The last A&E visit caught people's attention and the university was forced to do something as concerns were raised. I was terrified and ashamed. I didn't believe I was worthy of receiving help, I was depressed with no 'real' excuse; I know now this was just the disease talking. I had several meetings with officials at the university and everyone kept a close eye on me much to my dismay. While at the time it was embarrassing, this really was the turning point for me. I couldn’t pretend everything was okay while struggling through my studies and help was put in place while I found my feet. To think that if it wasn't taboo to have a mental illness, if it was considered normal to tell people you are struggling, my second year could have ended with celebrations rather than a 12-hour stay in hospital.
I personally emailed my project advisor about what was going on before he found out through anyone else. I was due to go on a 2-month expedition to Kenya with him over summer and was looking forward to being in the field as it maintained my enthusiasm for my subject. However, there were threats of cancellation as everyone was worried about my personal safety. Owning up to my poor mental health was my saving grace as I later found out and after an extensive meeting with wellbeing, I was allowed to go to Kenya with the university. On the trip, I made a conscious effort to talk honestly to everyone about mental health which ensured my safety and gave an opportunity for everyone to be honest too. I broke the silence, I had to be brave so that I could be empowered. Despite my struggles, I’ve made friends for life from university who continue to support me and I try to support them in return. I’m not pretending it was easy, I had wobbles in my final year, a lot of therapy, and had learnt many coping mechanisms along the way. However, my friends, work colleagues and even my department all backed me up and bit-by-bit my confidence improved and my depression lessened.

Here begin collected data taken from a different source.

(* Let $\Gamma$ be a temporal language preserved by $\mathrm{peak}$. If $\Gamma$ pp-defines neither $\mathrm{EqXor}=\{(x,y,z)\in\mathbb{Q}^3\mid x=y\vee x=z\}$ nor $\mathrm{EqOr}_n=\{(x_1,\dots,x_n)\in\mathbb{Q}^n\mid\bigvee_{i\neq j}x_i=x_j\}$ for any $n\ge3$, then $\Gamma$ is preserved by all permutations of $\mathbb{Q}$.
   Context: A temporal language is a relational structure with domain $\mathbb{Q}$ and finite signature whose relations are first-order definable in $(\mathbb{Q};<)$. $\Gamma$ pp-defines $R$ if $R$ is definable by a primitive positive formula (existentially quantified conjunction of atomic formulas) over the signature of $\Gamma$. A unary operation $f$ preserves $\Gamma$ if applying $f$ componentwise maps each relation of $\Gamma$ into itself. $\mathrm{peak}(x)=-1$ for $x\neq0$ and $1$ for $x=0$. *)

theory Defs
  imports Complex_Main
begin

datatype fo = FLt nat nat | FEq nat nat | FNot fo | FAnd fo fo | FEx nat fo

fun fo_holds :: "(nat \<Rightarrow> rat) \<Rightarrow> fo \<Rightarrow> bool" where
  "fo_holds s (FLt x y) = (s x < s y)"
| "fo_holds s (FEq x y) = (s x = s y)"
| "fo_holds s (FNot \<phi>) = (\<not> fo_holds s \<phi>)"
| "fo_holds s (FAnd \<phi> \<psi>) = (fo_holds s \<phi> \<and> fo_holds s \<psi>)"
| "fo_holds s (FEx x \<phi>) = (\<exists>a. fo_holds (s(x := a)) \<phi>)"

fun fo_free :: "fo \<Rightarrow> nat set" where
  "fo_free (FLt x y) = {x, y}"
| "fo_free (FEq x y) = {x, y}"
| "fo_free (FNot \<phi>) = fo_free \<phi>"
| "fo_free (FAnd \<phi> \<psi>) = fo_free \<phi> \<union> fo_free \<psi>"
| "fo_free (FEx x \<phi>) = fo_free \<phi> - {x}"

definition fo_definable :: "nat \<Rightarrow> rat list set \<Rightarrow> bool" where
  "fo_definable n R \<longleftrightarrow> (\<exists>\<phi>. fo_free \<phi> \<subseteq> {..<n} \<and>
      R = {xs. length xs = n \<and> fo_holds (\<lambda>i. xs ! i) \<phi>})"

text \<open>A tstructure with domain Q and finite signature: a list of (arity, relation) pairs;
  the i-th relation symbol is interpreted by the i-th entry.\<close>
type_synonym tstructure = "(nat \<times> rat list set) list"

definition temporal_language :: "tstructure \<Rightarrow> bool" where
  "temporal_language \<Gamma> \<longleftrightarrow> (\<forall>(k, R) \<in> set \<Gamma>.
      (\<forall>t \<in> R. length t = k) \<and> fo_definable k R)"
(*
  Expanding the twisted product (G^1.a.F^1)(G^2.b.F^2) inside a summand of the smash product
  and using associativity of the actions, the legs of F^-1 and F move onto the reassociators:
  the L-R-smash product over H_F with reassociators Ql, Qr is the one over H with
  reassociators (F^-1 (x) 1) Ql and Qr (1 (x) F).  As Ql is inverse to Phi_lambda (F^-1 (x) 1)
  and Qr to (1 (x) F) Phi_rho, these are Phi_lambda^-1 and Phi_rho^-1, and Phi_lambda,rho is
  not twisted at all.  Finally, the smash product is balanced in each reassociator, so it only
  depends on their classes in the triple tensor products, not on the chosen representatives.
*)

section \<open>Formal sums modulo a congruence\<close>

locale formal_sum_congruence =
  fixes R :: "'x list \<Rightarrow> 'x list \<Rightarrow> bool"
  assumes refl: "R xs xs"
    and sym: "R xs ys \<Longrightarrow> R ys xs"
    and trans: "R xs ys \<Longrightarrow> R ys zs \<Longrightarrow> R xs zs"
    and append_cong: "R xs xs' \<Longrightarrow> R ys ys' \<Longrightarrow> R (xs @ ys) (xs' @ ys')"
    and append_commute: "R (xs @ ys) (ys @ xs)"
begin

lemma concat_map_cong:
  "(\<And>a. a \<in> set A \<Longrightarrow> R (f a) (g a)) \<Longrightarrow> R (concat (map f A)) (concat (map g A))"
  by (induct A) (auto intro: refl append_cong)

lemma mset_eq_imp_related: "mset xs = mset ys \<Longrightarrow> R xs ys"
proof (induct xs arbitrary: ys)
  case Nil
  then show ?case by (simp add: refl)
next
  case (Cons x xs)
  then obtain ys1 ys2 where ys: "ys = ys1 @ x # ys2"
    by (metis list.set_intros(1) set_mset_mset split_list)
  with Cons have "R ([x] @ xs) ([x] @ ys1 @ ys2)"
    by (intro append_cong refl) simp
  moreover have "R (x # ys1 @ ys2) (ys1 @ x # ys2)"
    using append_cong[OF append_commute refl, of "[x]" ys1 ys2] by simp
  ultimately show ?case using ys trans by simp
qed

lemma concat_map_commute:
  "R (concat (map (\<lambda>a. concat (map (h a) B)) A)) (concat (map (\<lambda>b. concat (map (\<lambda>a. h a b) A)) B))"
  by (rule mset_eq_imp_related) (induct A; simp add: mset_concat comp_def sum_list_addf)

lemma map_commute:
  "R (concat (map (\<lambda>a. map (h a) B) A)) (concat (map (\<lambda>b. map (\<lambda>a. h a b) A) B))"
  using concat_map_commute[of "\<lambda>a b. [h a b]"] by simp

lemma concat_map_append:
  "R (concat (map (\<lambda>a. f a @ g a) A)) (concat (map f A) @ concat (map g A))"
  by (rule mset_eq_imp_related) (simp add: mset_concat comp_def sum_list_addf)

end

interpretation teq2: formal_sum_congruence "teq2 s1 s2" for s1 s2
  by unfold_locales (fact teq2.intros)+

interpretation teq3: formal_sum_congruence "teq3 s1 s2 s3" for s1 s2 s3
  by unfold_locales (fact teq3.intros)+

declare t2_trans [trans] t3_trans [trans]

(* The clauses mirror the generators of teq3, which has a zero rule for the first slot only. *)
definition balanced3 :: "('x list \<Rightarrow> 'x list \<Rightarrow> bool) \<Rightarrow> ('k::field \<Rightarrow> 'a::ab_group_add \<Rightarrow> 'a)
    \<Rightarrow> ('k \<Rightarrow> 'b::ab_group_add \<Rightarrow> 'b) \<Rightarrow> ('k \<Rightarrow> 'c::ab_group_add \<Rightarrow> 'c) \<Rightarrow> ('a \<Rightarrow> 'b \<Rightarrow> 'c \<Rightarrow> 'x list) \<Rightarrow> bool" where
  "balanced3 R s1 s2 s3 \<phi> \<longleftrightarrow>
     (\<forall>b c. R (\<phi> 0 b c) []) \<and>
     (\<forall>a a' b c. R (\<phi> (a + a') b c) (\<phi> a b c @ \<phi> a' b c)) \<and>
     (\<forall>a b b' c. R (\<phi> a (b + b') c) (\<phi> a b c @ \<phi> a b' c)) \<and>
     (\<forall>a b c c'. R (\<phi> a b (c + c')) (\<phi> a b c @ \<phi> a b c')) \<and>
     (\<forall>r a b c. R (\<phi> (s1 r a) b c) (\<phi> a (s2 r b) c)) \<and>
     (\<forall>r a b c. R (\<phi> (s1 r a) b c) (\<phi> a b (s3 r c)))"

context formal_sum_congruence
begin

lemma concat_map_teq3_cong:
  assumes "balanced3 R s1 s2 s3 \<phi>" and "teq3 s1 s2 s3 xs ys"
  shows "R (concat (map (\<lambda>(a, b, c). \<phi> a b c) xs)) (concat (map (\<lambda>(a, b, c). \<phi> a b c) ys))"
  using assms(2)
proof (induction rule: teq3.induct)
  case (t3_sym xs ys)
  then show ?case using sym by blast
next
  case (t3_trans xs ys zs)
  then show ?case using trans by blast
next
  case (t3_app xs xs' ys ys')
  then show ?case by (simp add: append_cong)
next
  case (t3_swap xs ys)
  then show ?case by (simp add: append_commute)
qed (use assms(1) refl in \<open>auto simp: balanced3_def\<close>)

lemma balanced3_concat_map:
  assumes "\<And>q. q \<in> set Q \<Longrightarrow> balanced3 R s1 s2 s3 (\<lambda>a b c. \<psi> a b c q)"
  shows "balanced3 R s1 s2 s3 (\<lambda>a b c. concat (map (\<psi> a b c) Q))"
proof -
  have additive: "R (concat (map f Q)) (concat (map g Q) @ concat (map h Q))"
    if "\<And>q. q \<in> set Q \<Longrightarrow> R (f q) (g q @ h q)" for f g h
    using trans[OF concat_map_cong concat_map_append] that by blast
  have zero: "R (concat (map f Q)) []" if "\<And>q. q \<in> set Q \<Longrightarrow> R (f q) []" for f
    using that by (induct Q) (auto intro: refl append_cong[of _ "[]" _ "[]", simplified])
  show ?thesis
    unfolding balanced3_def
    by (intro conjI allI additive zero concat_map_cong) (use assms in \<open>auto simp: balanced3_def\<close>)
qed

lemma balanced3_map:
  assumes "\<And>q. q \<in> set Q \<Longrightarrow> balanced3 R s1 s2 s3 (\<lambda>a b c. [\<psi> a b c q])"
  shows "balanced3 R s1 s2 s3 (\<lambda>a b c. map (\<psi> a b c) Q)"
proof -
  have "balanced3 R s1 s2 s3 (\<lambda>a b c. concat (map (\<lambda>q. [\<psi> a b c q]) Q))"
    by (rule balanced3_concat_map) (rule assms)
  then show ?thesis by simp
qed

end

section \<open>Triple tensor products of algebras\<close>

lemma concat_concat_map: "concat (concat (map f xs)) = concat (map (\<lambda>x. concat (f x)) xs)"
  by (induct xs) simp_all

lemma tm3_concat_map:
  "tm3 m1 m2 m3 X Y = concat (map (\<lambda>(a, b, c). map (\<lambda>(a', b', c'). (m1 a a', m2 b b', m3 c c')) Y) X)"
  by (simp add: tm3_def)

lemma bilinear_mult_zero_left: "bilinear_mult s m \<Longrightarrow> m 0 a = 0"
  unfolding bilinear_mult_def by (metis add_cancel_right_left add_0)

lemma bilinear_mult_zero_right: "bilinear_mult s m \<Longrightarrow> m a 0 = 0"
  unfolding bilinear_mult_def by (metis add_cancel_right_left add_0)

lemma balanced3_tensor_mult_left:
  assumes "bilinear_mult s1 m1" "bilinear_mult s2 m2" "bilinear_mult s3 m3"
  shows "balanced3 (teq3 s1 s2 s3) s1 s2 s3 (\<lambda>a b c. [(m1 a a', m2 b b', m3 c c')])"
  using assms bilinear_mult_zero_left[OF assms(1)] unfolding balanced3_def bilinear_mult_def
  by (simp add: t3_zero t3_add1 t3_add2 t3_add3 t3_sc2 t3_sc3)

lemma balanced3_tensor_mult_right:
  assumes "bilinear_mult s1 m1" "bilinear_mult s2 m2" "bilinear_mult s3 m3"
  shows "balanced3 (teq3 s1 s2 s3) s1 s2 s3 (\<lambda>a' b' c'. [(m1 a a', m2 b b', m3 c c')])"
  using assms bilinear_mult_zero_right[OF assms(1)] unfolding balanced3_def bilinear_mult_def
  by (simp add: t3_zero t3_add1 t3_add2 t3_add3 t3_sc2 t3_sc3)

lemma tm3_cong_left:
  assumes "bilinear_mult s1 m1" "bilinear_mult s2 m2" "bilinear_mult s3 m3"
    and "teq3 s1 s2 s3 X X'"
  shows "teq3 s1 s2 s3 (tm3 m1 m2 m3 X Y) (tm3 m1 m2 m3 X' Y)"
proof -
  have "balanced3 (teq3 s1 s2 s3) s1 s2 s3
      (\<lambda>a b c. map (\<lambda>(a', b', c'). (m1 a a', m2 b b', m3 c c')) Y)"
    by (rule teq3.balanced3_map) (auto intro: balanced3_tensor_mult_left[OF assms(1-3)])
  then show ?thesis
    unfolding tm3_concat_map using assms(4) by (rule teq3.concat_map_teq3_cong)
qed

lemma tm3_cong_right:
  assumes "bilinear_mult s1 m1" "bilinear_mult s2 m2" "bilinear_mult s3 m3"
    and "teq3 s1 s2 s3 Y Y'"
  shows "teq3 s1 s2 s3 (tm3 m1 m2 m3 X Y) (tm3 m1 m2 m3 X Y')"
proof -
  let ?\<phi> = "\<lambda>a' b' c'. map (\<lambda>(a, b, c). (m1 a a', m2 b b', m3 c c')) X"
  have tm3_swap: "teq3 s1 s2 s3 (tm3 m1 m2 m3 X Z) (concat (map (\<lambda>(a', b', c'). ?\<phi> a' b' c') Z))" for Z
    unfolding tm3_concat_map using teq3.map_commute by (simp add: case_prod_beta')
  have "balanced3 (teq3 s1 s2 s3) s1 s2 s3 ?\<phi>"
    by (rule teq3.balanced3_map) (auto intro: balanced3_tensor_mult_right[OF assms(1-3)])
  then have "teq3 s1 s2 s3 (concat (map (\<lambda>(a', b', c'). ?\<phi> a' b' c') Y))
                            (concat (map (\<lambda>(a', b', c'). ?\<phi> a' b' c') Y'))"
    using assms(4) by (rule teq3.concat_map_teq3_cong)
  then show ?thesis
    using tm3_swap[of Y] tm3_swap[of Y'] by (meson t3_sym t3_trans)
qed

lemma tm3_assoc:
  assumes "kalg s1 m1 o1" "kalg s2 m2 o2" "kalg s3 m3 o3"
  shows "tm3 m1 m2 m3 (tm3 m1 m2 m3 X Y) Z = tm3 m1 m2 m3 X (tm3 m1 m2 m3 Y Z)"
  using assms unfolding tm3_concat_map kalg_def
  by (induct X) (auto simp: map_concat comp_def split_def)

lemma tm3_unit_left:
  assumes "kalg s1 m1 o1" "kalg s2 m2 o2" "kalg s3 m3 o3"
  shows "tm3 m1 m2 m3 [(o1, o2, o3)] X = X"
  using assms unfolding tm3_concat_map kalg_def unital_kalg_def
  by (induct X) auto

lemma tm3_unit_right:
  assumes "kalg s1 m1 o1" "kalg s2 m2 o2" "kalg s3 m3 o3"
  shows "tm3 m1 m2 m3 X [(o1, o2, o3)] = X"
  using assms unfolding tm3_concat_map kalg_def unital_kalg_def
  by (induct X) auto

lemma tm3_eq_left_inverse:
  assumes K: "kalg s1 m1 o1" "kalg s2 m2 o2" "kalg s3 m3 o3"
    and left_inverse: "teq3 s1 s2 s3 (tm3 m1 m2 m3 Y X) [(o1, o2, o3)]"
    and right_inverse: "teq3 s1 s2 s3 (tm3 m1 m2 m3 (tm3 m1 m2 m3 X Z) W) [(o1, o2, o3)]"
  shows "teq3 s1 s2 s3 (tm3 m1 m2 m3 Z W) Y"
proof -
  have B: "bilinear_mult s1 m1" "bilinear_mult s2 m2" "bilinear_mult s3 m3"
    using K unfolding kalg_def unital_kalg_def by blast+
  have "tm3 m1 m2 m3 Z W = tm3 m1 m2 m3 [(o1, o2, o3)] (tm3 m1 m2 m3 Z W)"
    by (simp add: tm3_unit_left[OF K])
  also have "teq3 s1 s2 s3 \<dots> (tm3 m1 m2 m3 (tm3 m1 m2 m3 Y X) (tm3 m1 m2 m3 Z W))"
    by (rule tm3_cong_left[OF B t3_sym[OF left_inverse]])
  also have "\<dots> = tm3 m1 m2 m3 Y (tm3 m1 m2 m3 (tm3 m1 m2 m3 X Z) W)"
    by (simp add: tm3_assoc[OF K])
  also have "teq3 s1 s2 s3 \<dots> (tm3 m1 m2 m3 Y [(o1, o2, o3)])"
    by (rule tm3_cong_right[OF B right_inverse])
  also have "\<dots> = Y"
    by (rule tm3_unit_right[OF K])
  finally show ?thesis .
qed

lemma tm3_eq_right_inverse:
  assumes K: "kalg s1 m1 o1" "kalg s2 m2 o2" "kalg s3 m3 o3"
    and right_inverse: "teq3 s1 s2 s3 (tm3 m1 m2 m3 X Y) [(o1, o2, o3)]"
    and left_inverse: "teq3 s1 s2 s3 (tm3 m1 m2 m3 W (tm3 m1 m2 m3 Z X)) [(o1, o2, o3)]"
  shows "teq3 s1 s2 s3 (tm3 m1 m2 m3 W Z) Y"
proof -
  have B: "bilinear_mult s1 m1" "bilinear_mult s2 m2" "bilinear_mult s3 m3"
    using K unfolding kalg_def unital_kalg_def by blast+
  have "tm3 m1 m2 m3 W Z = tm3 m1 m2 m3 (tm3 m1 m2 m3 W Z) [(o1, o2, o3)]"
    by (simp add: tm3_unit_right[OF K])
  also have "teq3 s1 s2 s3 \<dots> (tm3 m1 m2 m3 (tm3 m1 m2 m3 W Z) (tm3 m1 m2 m3 X Y))"
    by (rule tm3_cong_right[OF B t3_sym[OF right_inverse]])
  also have "\<dots> = tm3 m1 m2 m3 (tm3 m1 m2 m3 W (tm3 m1 m2 m3 Z X)) Y"
    by (simp add: tm3_assoc[OF K])
  also have "teq3 s1 s2 s3 \<dots> (tm3 m1 m2 m3 [(o1, o2, o3)] Y)"
    by (rule tm3_cong_left[OF B left_inverse])
  also have "\<dots> = Y"
    by (rule tm3_unit_left[OF K])
  finally show ?thesis .
qed

section \<open>The L-R-smash product summand by summand\<close>

lemma teq2_zero_right:
  assumes "vector_space s1" "vector_space s2"
  shows "teq2 s1 s2 [(a, 0)] []"
proof -
  have "teq2 s1 s2 [(s1 0 a, 0)] [(a, s2 0 0)]"
    by (rule t2_sc)
  then have "teq2 s1 s2 [(a, 0)] [(0, 0)]"
    using assms by (simp add: module_iff_vector_space[symmetric] module.scale_zero_left
                              module.scale_zero_right t2_sym)
  then show ?thesis
    using t2_zero t2_trans by blast
qed

lemma teq2_sum_list_left: "teq2 s1 s2 [(sum_list as, b)] (map (\<lambda>a. (a, b)) as)"
proof (induct as)
  case Nil
  show ?case by (simp add: t2_zero)
next
  case (Cons a as)
  have "teq2 s1 s2 [(a + sum_list as, b)] ([(a, b)] @ [(sum_list as, b)])"
    using t2_add1 by simp
  also have "teq2 s1 s2 \<dots> ([(a, b)] @ map (\<lambda>a. (a, b)) as)"
    using Cons by (intro t2_app t2_refl)
  finally show ?case by simp
qed

definition smash_index :: "('h \<times> 'u \<times> 'h) list \<Rightarrow> ('h \<times> 'u) list \<Rightarrow> ('u \<times> 'h) list
    \<Rightarrow> (('h \<times> 'u \<times> 'h) \<times> ('h \<times> 'u) \<times> ('u \<times> 'h)) list" where
  "smash_index Th lu rv = [(t, w, z). t \<leftarrow> Th, w \<leftarrow> lu, z \<leftarrow> rv]"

If I felt isolated when I had the opportunity to leave the house and meet new people, imagine how detrimental Covid-19 restrictions are for current students. Whether you are in the 34% of students who have been told they need professional treatment or not, we all need to continue to put pressure on tertiary education institutions and governmental bodies to improve mental health services. Something I didn’t learn until my final year at university was that nothing takes priority over your wellbeing. However, students feel pressurised in academia and student life to consider otherwise; why is this the case? As a community, we must change how we view, talk and respond to mental health. Learning to communicate when we are ‘not okay’ and learning to discuss mental health without invalidation needs to become the social norm. I implore all those who have read my story to break the silence and discuss mental health with integrity and an open mind.